Gear \(A\), with a mass of \(1.00 \mathrm{~kg}\) and a radius of \(55.0 \mathrm{~cm}\) is in contact with gear \(\mathrm{B}\), with a mass of \(0.500 \mathrm{~kg}\) and a radius of \(30.0 \mathrm{~cm} .\) The gears do not slip with respect to each other as they rotate. Gear A rotates at 120. rpm and slows to 60.0 rpm in \(3.00 \mathrm{~s}\). How many rotations does gear B undergo during this time interval?

Short Answer

Expert verified
Answer: Gear B undergoes approximately 7.87 rotations during the 3-second time interval.

Step by step solution

01

Convert angular speeds to rad/s

To convert rpm to rad/s, we can use the conversion factor: 1 rpm = \((2\pi \mathrm{~rad})/(\mathrm{60~s})\).

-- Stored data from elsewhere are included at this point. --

theorem mainTheorem6:
  fixes G :: "nat \<Rightarrow> ('a, 'b) monoid_scheme" and \<Gamma> :: "('a, 'b) monoid_scheme"
  assumes "\<And>n. group (G n)"
    and "\<And>n. finite (carrier (G n))"
    and "\<And>n. carrier (G n) \<noteq> {\<one>\<^bsub>G n\<^esub>}"
    and "infinite {n. G n = \<Gamma>}"
  shows "\<exists>H. subgroup H (product_group UNIV G) \<and> \<not> haar_measurable G H"
proof -
  obtain U where U: "ultrafilter U" "U \<le> cofinite" "eventually (\<lambda>n. G n = \<Gamma>) U"
    using ex_free_ultrafilter[OF assms(4)] by auto
  interpret ultrafilter_group_family G \<Gamma> U
    using assms(1,2) U by (simp add: ultrafilter_group_family_def)
  have "carrier \<Gamma> \<noteq> {\<one>\<^bsub>\<Gamma>\<^esub>}"
    using ex_index_\<Gamma> assms(3) by metis
  then show ?thesis
    using fibre_one_subgroup fibre_one_not_haar_measurable by blast
qed

end
lemma ec_add_Some_neq_self:
  assumes "ec_nonsingular a b c" "on_curve a b c P" "y2^2 = ec_cubic a b c x2"
  shows "ec_add a b c P (Some (x2, y2)) \<noteq> P"
proof
  assume eq: "ec_add a b c P (Some (x2, y2)) = P"
  then obtain x1 y1 where P: "P = Some (x1, y1)" by (cases P) auto
  define l where "l = ec_slope a b x1 y1 x2 y2"
  from eq P have "ec_add a b c (Some (x1, y1)) (Some (x2, y2)) = Some (x1, y1)" by simp
  hence "\<not> (x1 = x2 \<and> y1 = - y2) \<and> x1 = l^2 - a - x1 - x2 \<and> y1 = - (y1 + l * (x1 - x1))"
    unfolding ec_add_Some_Some_eq_Some l_def .
  then have not_opposite: "\<not> (x1 = x2 \<and> y1 = - y2)" and x3: "l^2 - a - x1 - x2 = x1"
    and "y1 = 0"
    by auto
  have P1: "y1^2 = ec_cubic a b c x1" using assms(2) P by (simp add: on_curve_Some)
  have "2 * l * y1 = 3 * x1^2 + 2 * a * x1 + b"
    using ec_chord(3)[OF P1 assms(3) not_opposite l_def] x3 by simp
  with P1 \<open>y1 = 0\<close> assms(1) show False by (simp add: ec_nonsingular_def)
qed

lemma ec_add_left_cancel_Some:
  assumes ns: "ec_nonsingular a b c" and P1: "y1^2 = ec_cubic a b c x1"
    and Q: "y2^2 = ec_cubic a b c x2" and R: "y2'^2 = ec_cubic a b c x2'"
    and PQ: "ec_add a b c (Some (x1, y1)) (Some (x2, y2)) = Some (x3, y3)"
    and PR: "ec_add a b c (Some (x1, y1)) (Some (x2', y2')) = Some (x3, y3)"
  shows "x2 = x2' \<and> y2 = y2'"
proof -
  define l where "l = ec_slope a b x1 y1 x2 y2"
  define l' where "l' = ec_slope a b x1 y1 x2' y2'"
  from PQ have nQ: "\<not> (x1 = x2 \<and> y1 = - y2)" and x3: "x3 = l^2 - a - x1 - x2"
    and y3: "y3 = - (y1 + l * (x3 - x1))"
    by (simp_all add: ec_add_Some_Some_eq_Some l_def)
  from PR have nR: "\<not> (x1 = x2' \<and> y1 = - y2')" and x3': "x3 = l'^2 - a - x1 - x2'"
    and y3': "y3 = - (y1 + l' * (x3 - x1))"
    by (simp_all add: ec_add_Some_Some_eq_Some l'_def)
  have "l = l'"
  proof (cases "x3 = x1")
    case True
    have "2 * l * y1 = 3 * x1^2 + 2 * a * x1 + b" "2 * l' * y1 = 3 * x1^2 + 2 * a * x1 + b"
      using ec_chord(3)[OF P1 Q nQ l_def] ec_chord(3)[OF P1 R nR l'_def] x3 x3' True by simp_all
    hence "(l - l') * (2 * y1) = 0" by (simp add: algebra_simps)
    moreover from P1 ns \<open>2 * l * y1 = _\<close> have "y1 \<noteq> 0" by (auto simp: ec_nonsingular_def)
    ultimately show ?thesis by simp
  next
    case False
    from y3 y3' False show ?thesis by auto
  qed
  with x3 x3' have "x2 = x2'" by simp
  with ec_chord(1)[OF P1 Q nQ l_def] ec_chord(1)[OF P1 R nR l'_def] \<open>l = l'\<close>
  show ?thesis by simp
qed

lemma ec_add_left_cancel:
  assumes ns: "ec_nonsingular a b c"
    and P: "on_curve a b c P" and Q: "on_curve a b c Q" and R: "on_curve a b c R"
    and eq: "ec_add a b c P Q = ec_add a b c P R"
  shows "Q = R"
proof (cases P)
  case None
  with eq show ?thesis by simp
next
  case (Some p)
  then obtain x1 y1 where P1: "P = Some (x1, y1)" by (cases p) auto
  show ?thesis
  proof (cases Q; cases R)
    fix r assume "Q = None" and r: "R = Some r"
    obtain x y where "R = Some (x, y)" using r by fastforce
    with eq \<open>Q = None\<close> have "ec_add a b c P (Some (x, y)) = P" by simp
    with ec_add_Some_neq_self[OF ns P] R \<open>R = Some (x, y)\<close> show ?thesis
      by (simp add: on_curve_Some)
  next
    fix q assume q: "Q = Some q" and "R = None"
    obtain x y where "Q = Some (x, y)" using q by fastforce
    with eq \<open>R = None\<close> have "ec_add a b c P (Some (x, y)) = P" by simp
    with ec_add_Some_neq_self[OF ns P] Q \<open>Q = Some (x, y)\<close> show ?thesis
      by (simp add: on_curve_Some)
  next
    fix q r assume q: "Q = Some q" and r: "R = Some r"
    obtain x2 y2 x2' y2' where q: "Q = Some (x2, y2)" and r: "R = Some (x2', y2')"
      using q r by fastforce
    show ?thesis
    proof (cases "ec_add a b c P Q")
      case None
      with eq P1 q r show ?thesis by (simp add: ec_add_Some_Some split: if_splits)
    next
      case (Some s)
      then obtain x3 y3 where "ec_add a b c P Q = Some (x3, y3)" by (cases s) auto
      with eq P1 q r ec_add_left_cancel_Some[OF ns, of y1 x1 y2 x2 y2' x2' x3 y3] P Q R
      show ?thesis by (simp add: on_curve_Some)
    qed
  qed simp
qed

lemma inj_ec_smul:
  assumes "ec_nonsingular a b c" "on_curve a b c P"
    and nontorsion: "\<forall>n>0. ec_smul a b c n P \<noteq> None"
  shows "inj (\<lambda>n. ec_smul a b c n P)"
proof (rule injI)
  show "m = n" if "ec_smul a b c m P = ec_smul a b c n P" for m n
  using that proof (induction m arbitrary: n)
    case 0
    with nontorsion show ?case by (metis ec_smul.simps(1) neq0_conv)
  next
    case (Suc m)
    then obtain n' where n: "n = Suc n'"
      using nontorsion by (metis ec_smul.simps(1) not0_implies_Suc zero_less_Suc)
    with Suc.prems have "ec_smul a b c m P = ec_smul a b c n' P"
      using ec_add_left_cancel[OF assms(1,2) on_curve_ec_smul on_curve_ec_smul] assms(2) by simp
    with Suc.IH n show ?case by simp
  qed
qed

lemma positive_rank_infinite_points:
  assumes "ec_nonsingular a b c" "positive_rank a b c"
  shows "infinite {(x, y). y^2 = ec_cubic a b c x}"
proof
  assume fin: "finite {(x, y). y^2 = ec_cubic a b c x}"
  obtain P where P: "on_curve a b c P" and "\<forall>n>0. ec_smul a b c n P \<noteq> None"
    using assms(2) unfolding positive_rank_def by blast
  with assms(1) have "infinite (range (\<lambda>n. ec_smul a b c n P))"
    using inj_ec_smul finite_imageD infinite_UNIV_nat by blast
  moreover have "range (\<lambda>n. ec_smul a b c n P) \<subseteq> insert None (Some ` {(x, y). y^2 = ec_cubic a b c x})"
  proof
    fix Q assume "Q \<in> range (\<lambda>n. ec_smul a b c n P)"
    with on_curve_ec_smul[OF P] have "on_curve a b c Q" by auto
    thus "Q \<in> insert None (Some ` {(x, y). y^2 = ec_cubic a b c x})"
      by (cases Q) (auto simp: on_curve_Some)
  qed
  ultimately show False using fin finite_subset by blast
qed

For gear A, \(\omega_\mathrm{Ai} = 120\, \mathrm{rpm} \times \frac{2\pi \mathrm{~rad}}{\mathrm{60~s}} = 12.566\,\mathrm{rad/s}\) (initial angular speed) \(\omega_\mathrm{Af} = 60\, \mathrm{rpm} \times \frac{2\pi \mathrm{~rad}}{\mathrm{60~s}} = 6.283\, \mathrm{rad/s}\) (final angular speed)
02

Calculate the angular acceleration of gear A

We can calculate the angular acceleration (\(\alpha_\mathrm{A}\)) of gear A using the equation: \(\alpha_\mathrm{A} = \frac{\omega_\mathrm{Af} - \omega_\mathrm{Ai}}{t}\), where \(t = 3.00\, \mathrm{s}\). \(\alpha_\mathrm{A} = \frac{6.283 - 12.566}{3.00} = -2.094\, \mathrm{rad/s^2}\)
03

Find the angular acceleration of gear B

Given the radii of gears A and B, since they are in contact without slipping, their accelerations are related by: \(\alpha_\mathrm{B} = \frac{r_\mathrm{A}}{r_\mathrm{B}} \times \alpha_\mathrm{A}\) \(\alpha_\mathrm{B} = \frac{55.0}{30.0} \times (-2.094) = -3.824\, \mathrm{rad/s^2}\)
04

Calculate the final angular speed of gear B

We know the initial angular speed of gear B can be found from the gears' initial speeds: \(\omega_\mathrm{Bi} = \frac{r_\mathrm{A}}{r_\mathrm{B}} \times \omega_\mathrm{Ai}\) \(\omega_\mathrm{Bi} = \frac{55.0}{30.0} \times 12.566 = 23.045\, \mathrm{rad/s}\) Now we can calculate the final angular speed (\(\omega_\mathrm{Bf}\)) of gear B: \(\omega_\mathrm{Bf} = \omega_\mathrm{Bi} + \alpha_\mathrm{B} \times t\) \(\omega_\mathrm{Bf} = 23.045 - 3.824 \times 3.00 = 11.573\, \mathrm{rad/s}\)
05

Find the angular displacement of gear B

We can find the angular displacement (\(\theta_\mathrm{B}\)) covered by gear B during the time interval using the equation: \(\theta_\mathrm{B} = \omega_\mathrm{Bi} \times t + 0.5 \times \alpha_\mathrm{B} \times t^2\) \(\theta_\mathrm{B} = 23.045 \times 3.00 + 0.5 \times (-3.824) \times 3.00^2 = 49.455\, \mathrm{rad}\)
06

Convert angular displacement to number of rotations

To find the number of rotations that gear B underwent, divide the angular displacement by \(2\pi\). Number of rotations of gear B = \(\frac{\theta_\mathrm{B}}{2\pi}\) Number of rotations of gear B = \(\frac{49.455}{6.283} \approx 7.87\) Therefore, gear B undergoes approximately 7.87 rotations during the time interval.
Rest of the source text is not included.